The telecommunications market is going through an unprecedented economic dive and 40G — having to overcome all of these economic issues as well as the technical challenges of dispersion and optical signal-to-noise ratio — is being hit the hardest. Do you or your customers really need the extra capacity it offers? Why not just use four 10G ports? What about all those dispersion issues? Is it not time to sing the funeral march for 40G; 40G rest in peace — 40G RIP.
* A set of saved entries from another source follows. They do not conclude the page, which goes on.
(* Let $\Theta\in\mathbb{R}^{n\times p}$ be a matrix each of whose rows is monotone (either nondecreasing or nonincreasing). Let $\Theta'=\Theta(I_p-\frac1p ee^\top)$ have singular value decomposition $\Theta'=\sum_{i=1}^r\lambda_i u_iv_i^\top$ with $\lambda_1\ge\cdots\ge\lambda_r>0$, and assume condition (A) holds. Then the leading right singular vector $v_1=(v_{11},\dots,v_{1p})^\top$ satisfies $\sum_{j=1}^p v_{1j}=0$ and $v_{11}\le v_{12}\le\cdots\le v_{1p}$. Moreover, the signs of the components of the leading left singular vector $u_1=(u_{11},\dots,u_{1n})^\top$ indicate the direction of monotonicity of the rows: $u_{1i}\ge 0$ whenever the $i$-th row of $\Theta'$ (equivalently of $\Theta$) is nondecreasing, and $u_{1i}\le0$ whenever it is nonincreasing.
   Context: $e=(1,\dots,1)^\top\in\mathbb{R}^p$. Condition (A): the largest singular value $\lambda_1$ of $\Theta'$ has multiplicity one, and the first nonzero component of $v_1$ is negative (this fixes the signs of the pair $(u_1,v_1)$). *)

theory Defs
  imports "HOL-Analysis.Analysis"
begin

definition ones_vec :: "real^'n" where
  "ones_vec = (\<chi> i. 1)"

definition outer :: "real^'n \<Rightarrow> real^'p \<Rightarrow> real^'p^'n" where
  "outer u v = (\<chi> i j. u $ i * v $ j)"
But while the pundits have formed a consensus view that 40G is an esoteric long-haul technology fraught with enormous economic and technical hurdles, the relentless march of Moore's law has produced breakthroughs making 40G not only feasible, but economical as well. Yields are up on 40G semiconductors, electro-absorption modulators (EAMs) at 40Gbit/s are available, low-phase noise clocks are solving jitter issues, and small, cost-effective chromatic and polarisation dispersion compensators are proving to be a reality. Add to this list framer and forward erro correction chips operating at 43Gbit/s, while link lengths are pushed past 1000km before 3R regeneration. I know: Agilent builds the equipment that tests these products.

Even so, it can be argued that 40G will be delayed due to another market reality. Long-haul transport has been the application that has launched each successive breakthrough in speed. Today, there is over-capacity in long haul and so many systems with few wavelengths lit that it would be better to light up the dark wavelengths, when more capacity is needed, than lay new fibre.

The adoption rate of 40G will be attenuated in the long-haul space because of this reality. But the assumption that long-haul transport is the only catalyst for 40G must be questioned. Economic breakthroughs are being made at the opposite end of the spectrum, on the very short reach (VSR) links that interconnect equipment within a Tier 1 central office or Point of Presence.

For VSR applications, all below 2km in reach, no dispersion compensation is needed and thus 40G works. A single 40G EAM can now do the standard NRZ modulation format. All these technical hurdles are eliminated alongside the associated cost issues. The one thing 40G modules must offer is lower cost than four 10G modules; that crossover point is now — Moore's law is relentless.

Coupled with these advances is a standard 40G electrical interface called SFI-5, the standard electrical interface for 40G transponder modules and OC-768/STM-256 framer chips. SFI-5 has allowed the first Multi-Source Agreement for 40G transponder modules, allowing economies of scale. These SFI-5-based 40G transponder modules will allow the lowest cost-per-bit connections; hence this will see these emerging products being almost completely focused on VSR applications. This is the application that will be the catalyst for 40G because it offers a clear economic benefit.

Since the VSR application mentioned is a core application, it would seem logical that core long-haul transport would follow. Once again, history may be a poor judge. Metro, specifically the metro core, could very well be the next application. The economics of going from 2km to 40, 80, or 100km links are not that different; a single amplifier with a dispersion compensator at the end of the fibre is required, but the fundamental line systems are not significantly different from those required for 2.5Gbit/s or 10Gbit/s DWDM systems. In fact, 40G may allow carriers to avoid DWDM altogether, using a single ring or stacked rings, and avoiding all the optical muxing and demuxing at each terminal. Now that would mean real cost savings.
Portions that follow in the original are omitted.